The company also claims the scooter will hum to 20mph (32km/h) – plenty quick for something on 6.3in solid rubber tires – but can be governed to 7mph for use on pedestrian paths and sidewalks. The M3 folds to a tidy 3ft by 1ft by .5ft. It weighs 34lbs (15.4kg), a manageable burden for short distances. (As anyone who has lugged a sleeping four-year-old through an airport will attest, such a load gets heavy fast.)
The M3 is easy to pilot at low speeds, even for riders with no previous kick-scooter experience. A horizontal trigger on the right handlebar serves as the throttle and a hand-grip on the left actuates a drum brake at the rear wheel. To prevent lurching, the throttle only engages with a rolling start, so the rider needs to push off, as on a non-motorised scoot. There’s a digital readout with a battery meter, an odometer and a speedometer that reads to 25mph (40km/h).
Probing the upper limits of the scooter’s abilities requires a bit more nerve. Although the M3 feels stable and hefty, the ride can become choppy on imperfect pavement. A front-wheel spring suspension helps, but less than you would like as you approach 20mph. (EcoReco recently introduced a fully suspended model, the $1,250 M5, which promises a smoother ride.) That said the learning curve is low, and because the M3’s road manners are predictable if not always pleasant, a rider’s confidence builds quickly.
It is not difficult to imagine scenarios in which owning an EcoReco M3 makes good sense. Short-distance commuters could use the scooter to eliminate car-park charges, rail commuters could zip from home to station and station to office, tourists could travel with the scooter to explore destination cities.

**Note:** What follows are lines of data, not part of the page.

lemma fin_codim_lie_comm_kernel:
  assumes f: "leibniz_algebra scf brf" and g: "leibniz_algebra scg brg" and g_fin: "fin_dim scg"
    and h: "leibniz_hom scf brf scg brg \<rho>" and onto: "surj \<rho>"
  shows "fin_codim scf (lie_comm scf brf UNIV UNIV) (lie_comm scf brf UNIV (\<rho> -` {0}))"
proof -
  interpret F: vector_space scf using leibniz_algebra_vector_space[OF f] .
  interpret G: vector_space scg using leibniz_algebra_vector_space[OF g] .
  interpret vector_space_pair scf scg ..
  have lin: "Vector_Spaces.linear scf scg \<rho>" using h unfolding leibniz_hom_def by simp
  obtain B where B: "finite B" "G.span B = UNIV" using g_fin unfolding fin_dim_def by blast
  define L where "L = inv \<rho> ` B"
  have "\<rho> ` L = B" unfolding L_def image_image surj_f_inv_f[OF onto] by simp
  then have "\<rho> ` F.span L = UNIV" using linear_span_image[OF lin, of L] B(2) by metis
  have "\<exists>l\<in>F.span L. x - l \<in> \<rho> -` {0}" for x
  proof -
    obtain l where "l \<in> F.span L" "\<rho> x = \<rho> l" using \<open>\<rho> ` F.span L = UNIV\<close> by (metis UNIV_I imageE)
    then show ?thesis using linear_diff[OF lin] by auto
  qed
  then have "lie_comm scf brf UNIV UNIV \<subseteq> {x + y | x y.
      x \<in> F.span ((\<lambda>(a, b). brf a b + brf b a) ` (L \<times> L)) \<and> y \<in> lie_comm scf brf UNIV (\<rho> -` {0})}"
    by (intro lie_comm_UNIV_UNIV_subset[OF f]) blast
  moreover have "finite ((\<lambda>(a, b). brf a b + brf b a) ` (L \<times> L))"
    using B(1) unfolding L_def by simp
  ultimately show ?thesis
    unfolding fin_codim_def by (intro exI conjI)
qed

locale ideal_of_presentation =
  fixes scf :: "'k::field \<Rightarrow> 'f::ab_group_add \<Rightarrow> 'f" and brf :: "'f \<Rightarrow> 'f \<Rightarrow> 'f"
    and scg :: "'k \<Rightarrow> 'g::ab_group_add \<Rightarrow> 'g" and brg :: "'g \<Rightarrow> 'g \<Rightarrow> 'g"
    and \<rho> :: "'f \<Rightarrow> 'g" and n :: "'g set" and s :: "'f set"
  assumes f: "leibniz_algebra scf brf" and g: "leibniz_algebra scg brg"
    and hom: "leibniz_hom scf brf scg brg \<rho>" and onto: "surj \<rho>"
    and n: "two_sided_ideal scg brg n" and s_n: "\<rho> ` s = n"
begin

sublocale F: vector_space scf using leibniz_algebra_vector_space[OF f] .
sublocale G: vector_space scg using leibniz_algebra_vector_space[OF g] .
sublocale P: vector_space_pair scf scg ..

abbreviation "R \<equiv> \<rho> -` {0}"
abbreviation "T \<equiv> \<rho> -` n"
abbreviation "FF \<equiv> lie_comm scf brf UNIV UNIV"
abbreviation "FR \<equiv> lie_comm scf brf UNIV R"
abbreviation "FS \<equiv> lie_comm scf brf UNIV s"
abbreviation "FT \<equiv> lie_comm scf brf UNIV T"
abbreviation "GG \<equiv> lie_comm scg brg UNIV UNIV"
abbreviation "GN \<equiv> lie_comm scg brg UNIV n"

lemma linear_\<rho>: "Vector_Spaces.linear scf scg \<rho>"
  using hom unfolding leibniz_hom_def by simp

lemma R_ideal: "two_sided_ideal scf brf R"
  by (rule two_sided_ideal_vimage[OF f g hom two_sided_ideal_zero[OF g]])

lemma T_ideal: "two_sided_ideal scf brf T"
  by (rule two_sided_ideal_vimage[OF f g hom n])

lemma
  shows subspace_R: "F.subspace R" and subspace_T: "F.subspace T"
    and subspace_FF: "F.subspace FF" and subspace_FR: "F.subspace FR"
    and subspace_FS: "F.subspace FS" and subspace_FT: "F.subspace FT"
    and subspace_n: "G.subspace n" and subspace_GN: "G.subspace GN"
  using R_ideal T_ideal n lie_comm_subspace[OF F.vector_space_axioms]
    lie_comm_subspace[OF G.vector_space_axioms]
  unfolding two_sided_ideal_def by simp_all

lemma
  shows R_subset_T: "R \<subseteq> T" and FR_subset_R: "FR \<subseteq> R" and FT_subset_T: "FT \<subseteq> T"
    and GN_subset_n: "GN \<subseteq> n" and FR_subset_FT: "FR \<subseteq> FT" and FS_subset_FT: "FS \<subseteq> FT"
    and FT_subset_FF: "FT \<subseteq> FF" and GN_subset_GG: "GN \<subseteq> GG"
proof -
  show "R \<subseteq> T" using G.subspace_0[OF subspace_n] by auto
  then show "FR \<subseteq> FT" by (intro lie_comm_mono[OF F.vector_space_axioms]) simp_all
  have "s \<subseteq> T" using s_n by blast
  then show "FS \<subseteq> FT" by (intro lie_comm_mono[OF F.vector_space_axioms]) simp_all
  show "FT \<subseteq> FF" "GN \<subseteq> GG"
    by (intro lie_comm_mono[OF F.vector_space_axioms] lie_comm_mono[OF G.vector_space_axioms]; simp)+
  show "FR \<subseteq> R" "FT \<subseteq> T" "GN \<subseteq> n"
    using lie_comm_UNIV_subset_ideal[OF f R_ideal] lie_comm_UNIV_subset_ideal[OF f T_ideal]
      lie_comm_UNIV_subset_ideal[OF g n] by simp_all
qed

lemma image_FF: "\<rho> ` FF = GG"
  using lie_comm_image[OF f g hom] onto by simp

lemma image_FT: "\<rho> ` FT = GN"
proof -
  have "\<rho> ` T = n" using onto by (simp add: surj_image_vimage_eq)
  then show ?thesis using lie_comm_image[OF f g hom] onto by simp
qed

lemma FT_subset_sums: "FT \<subseteq> {x + y | x y. x \<in> FS \<and> y \<in> FR}"
proof -
  have "T \<subseteq> {x + y | x y. x \<in> s \<and> y \<in> R}"
  proof
    fix t assume "t \<in> T"
    then obtain x where x: "x \<in> s" "\<rho> x = \<rho> t" using s_n by (metis imageE vimageE)
    then have "t - x \<in> R" using P.linear_diff[OF linear_\<rho>] by simp
    then show "t \<in> {x + y | x y. x \<in> s \<and> y \<in> R}" using x(1) by (intro sumsI[of t x]) simp_all
  qed
  then show ?thesis by (rule lie_comm_UNIV_sums[OF f])
qed

lemma vimage_GN: "{a \<in> T \<inter> FF. \<rho> a \<in> GN} = {x + y | x y. x \<in> R \<inter> FF \<and> y \<in> FT}"
proof
  show "{a \<in> T \<inter> FF. \<rho> a \<in> GN} \<subseteq> {x + y | x y. x \<in> R \<inter> FF \<and> y \<in> FT}"
  proof
    fix a assume a: "a \<in> {a \<in> T \<inter> FF. \<rho> a \<in> GN}"
    then obtain l where l: "l \<in> FT" "\<rho> a = \<rho> l"
      using image_FT by (metis (mono_tags) imageE mem_Collect_eq)
    have "a - l \<in> R" using l(2) P.linear_diff[OF linear_\<rho>] by simp
    moreover have "a - l \<in> FF" using a l(1) FT_subset_FF F.subspace_diff[OF subspace_FF] by auto
    ultimately show "a \<in> {x + y | x y. x \<in> R \<inter> FF \<and> y \<in> FT}"
      using l(1) by (intro sumsI[of a "a - l" l]) simp_all
  qed
  show "{x + y | x y. x \<in> R \<inter> FF \<and> y \<in> FT} \<subseteq> {a \<in> T \<inter> FF. \<rho> a \<in> GN}"
  proof
    fix a assume "a \<in> {x + y | x y. x \<in> R \<inter> FF \<and> y \<in> FT}"
    then obtain x y where xy: "a = x + y" "x \<in> R \<inter> FF" "y \<in> FT" by (rule sumsE)
    have "a \<in> T" using xy R_subset_T FT_subset_T F.subspace_add[OF subspace_T] by auto
    moreover have "a \<in> FF" using xy FT_subset_FF F.subspace_add[OF subspace_FF] by auto
    moreover have "\<rho> a = \<rho> y" using xy(1,2) P.linear_add[OF linear_\<rho>] by simp
    ultimately show "a \<in> {a \<in> T \<inter> FF. \<rho> a \<in> GN}" using xy(3) image_FT by auto
  qed
qed

lemma quot_dim_ideal_GG:
  "quot_dim scg (n \<inter> GG) GN = quot_dim scf (T \<inter> FF) {x + y | x y. x \<in> R \<inter> FF \<and> y \<in> FT}"
proof -
  have "\<rho> ` (T \<inter> FF) \<subseteq> n \<inter> GG" using image_FF by auto
  moreover have "n \<inter> GG \<subseteq> {x + y | x y. x \<in> \<rho> ` (T \<inter> FF) \<and> y \<in> GN}"
  proof
    fix y assume "y \<in> n \<inter> GG"
    then obtain x where "x \<in> FF" "y = \<rho> x" using image_FF by (metis IntD2 imageE)
    with \<open>y \<in> n \<inter> GG\<close> have "y \<in> \<rho> ` (T \<inter> FF)" by auto
    then show "y \<in> {x + y | x y. x \<in> \<rho> ` (T \<inter> FF) \<and> y \<in> GN}"
      using G.subspace_0[OF subspace_GN] by (intro sumsI[of y y 0]) simp_all
  qed
  moreover have "GN \<subseteq> n \<inter> GG" using GN_subset_n GN_subset_GG by simp
  ultimately show ?thesis
    using P.quot_dim_linear_image[OF linear_\<rho> F.subspace_inter[OF subspace_T subspace_FF]
        subspace_GN]
    unfolding vimage_GN by simp
qed

lemma R_Int_FT: "R \<inter> FT = {x + y | x y. x \<in> R \<inter> FS \<and> y \<in> FR}"
proof
  show "R \<inter> FT \<subseteq> {x + y | x y. x \<in> R \<inter> FS \<and> y \<in> FR}"
  proof
    fix m assume m: "m \<in> R \<inter> FT"
    then have "m \<in> {x + y | x y. x \<in> FS \<and> y \<in> FR}" using FT_subset_sums by blast
    then obtain x y where xy: "m = x + y" "x \<in> FS" "y \<in> FR" by (rule sumsE)
    have "x = m - y" using xy(1) by simp
    then have "x \<in> R" using m xy(3) FR_subset_R F.subspace_diff[OF subspace_R] by auto
    then show "m \<in> {x + y | x y. x \<in> R \<inter> FS \<and> y \<in> FR}" using xy by (intro sumsI) simp_all
  qed
  show "{x + y | x y. x \<in> R \<inter> FS \<and> y \<in> FR} \<subseteq> R \<inter> FT"
  proof
    fix m assume "m \<in> {x + y | x y. x \<in> R \<inter> FS \<and> y \<in> FR}"
    then obtain x y where xy: "m = x + y" "x \<in> R \<inter> FS" "y \<in> FR" by (rule sumsE)
    have "x \<in> FT" "y \<in> FT" using xy(2,3) FR_subset_FT FS_subset_FT by auto
    then have "m \<in> FT" using xy(1) F.subspace_add[OF subspace_FT] by simp
    moreover have "m \<in> R" using xy FR_subset_R F.subspace_add[OF subspace_R] by auto
    ultimately show "m \<in> R \<inter> FT" by simp
  qed
qed

theorem schur_lie_dim_ideal_formula:
  assumes fin: "fin_codim scf FF FR"
  shows "schur_lie_dim scf brf T + quot_dim scf (R \<inter> FS) (FR \<inter> FS)
    = schur_lie_dim scf brf R + quot_dim scg (n \<inter> GG) GN"
proof -
  let ?K = "{x + y | x y. x \<in> R \<inter> FF \<and> y \<in> FT}"
  have R_FF: "F.subspace (R \<inter> FF)" by (rule F.subspace_inter[OF subspace_R subspace_FF])
  have K: "F.subspace ?K" by (rule F.subspace_sums[OF R_FF subspace_FT])
  have "schur_lie_dim scf brf T = quot_dim scf (T \<inter> FF) ?K + quot_dim scf ?K FT"
    unfolding schur_lie_dim_def
  proof (rule F.quot_dim_add[OF F.subspace_inter[OF subspace_T subspace_FF] K subspace_FT])
    show "FT \<subseteq> ?K"
    proof
      fix x assume "x \<in> FT"
      then show "x \<in> ?K" using F.subspace_0[OF R_FF] by (intro sumsI[of x 0 x]) simp_all
    qed
    show "?K \<subseteq> T \<inter> FF" using vimage_GN by blast
    show "fin_codim scf (T \<inter> FF) FT" using fin_codim_mono[OF fin _ FR_subset_FT] by blast
  qed
  moreover have "quot_dim scf ?K FT = quot_dim scf (R \<inter> FF) FT"
    by (rule F.quot_dim_sums[OF R_FF subspace_FT])
  moreover have "schur_lie_dim scf brf R
      = quot_dim scf (R \<inter> FF) (R \<inter> FT) + quot_dim scf (R \<inter> FT) FR"
    unfolding schur_lie_dim_def
  proof (rule F.quot_dim_add[OF R_FF F.subspace_inter[OF subspace_R subspace_FT] subspace_FR])
    show "FR \<subseteq> R \<inter> FT" "R \<inter> FT \<subseteq> R \<inter> FF"
      using FR_subset_R FR_subset_FT FT_subset_FF by auto
    show "fin_codim scf (R \<inter> FF) FR" using fin_codim_mono[OF fin _ order_refl] by blast
  qed
  moreover have "quot_dim scf (R \<inter> FF) (R \<inter> FT) = quot_dim scf (R \<inter> FF) FT"
  proof -
    have "R \<inter> FF \<inter> FT = R \<inter> FT" using FT_subset_FF by blast
    then show ?thesis using quot_dim_Int[of scf "R \<inter> FF" FT] by simp
  qed
  moreover have "quot_dim scf (R \<inter> FT) FR = quot_dim scf (R \<inter> FS) (FR \<inter> FS)"
  proof -
    have "quot_dim scf (R \<inter> FT) FR = quot_dim scf (R \<inter> FS) FR"
      unfolding R_Int_FT
      by (rule F.quot_dim_sums[OF F.subspace_inter[OF subspace_R subspace_FS] subspace_FR])
    also have "\<dots> = quot_dim scf (R \<inter> FS) (FR \<inter> FS)"
      using quot_dim_Int[of scf "R \<inter> FS" FR] quot_dim_Int[of scf "R \<inter> FS" "FR \<inter> FS"]
      by (simp add: Int_ac)
    finally show ?thesis .
  qed
  ultimately show ?thesis
    using quot_dim_ideal_GG by simp
qed

end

But such use-case visualisations are largely academic until the buyer accepts – and, indeed, comes to celebrate – an essential truth about EcoReco M3 ownership: You, an adult professional who appreciates free-form jazz and knows the difference between a Gewürztraminer and a Riesling, will look like a circus clown commuting to work on this conveyance. Knowing this frees you to discover the beating heart of the M3’s appeal. Yes, a motorised kick scooter is compact, cheap to run and ecologically benevolent. But the M3 is something else, too, something that in-line skating was not: It’s fun.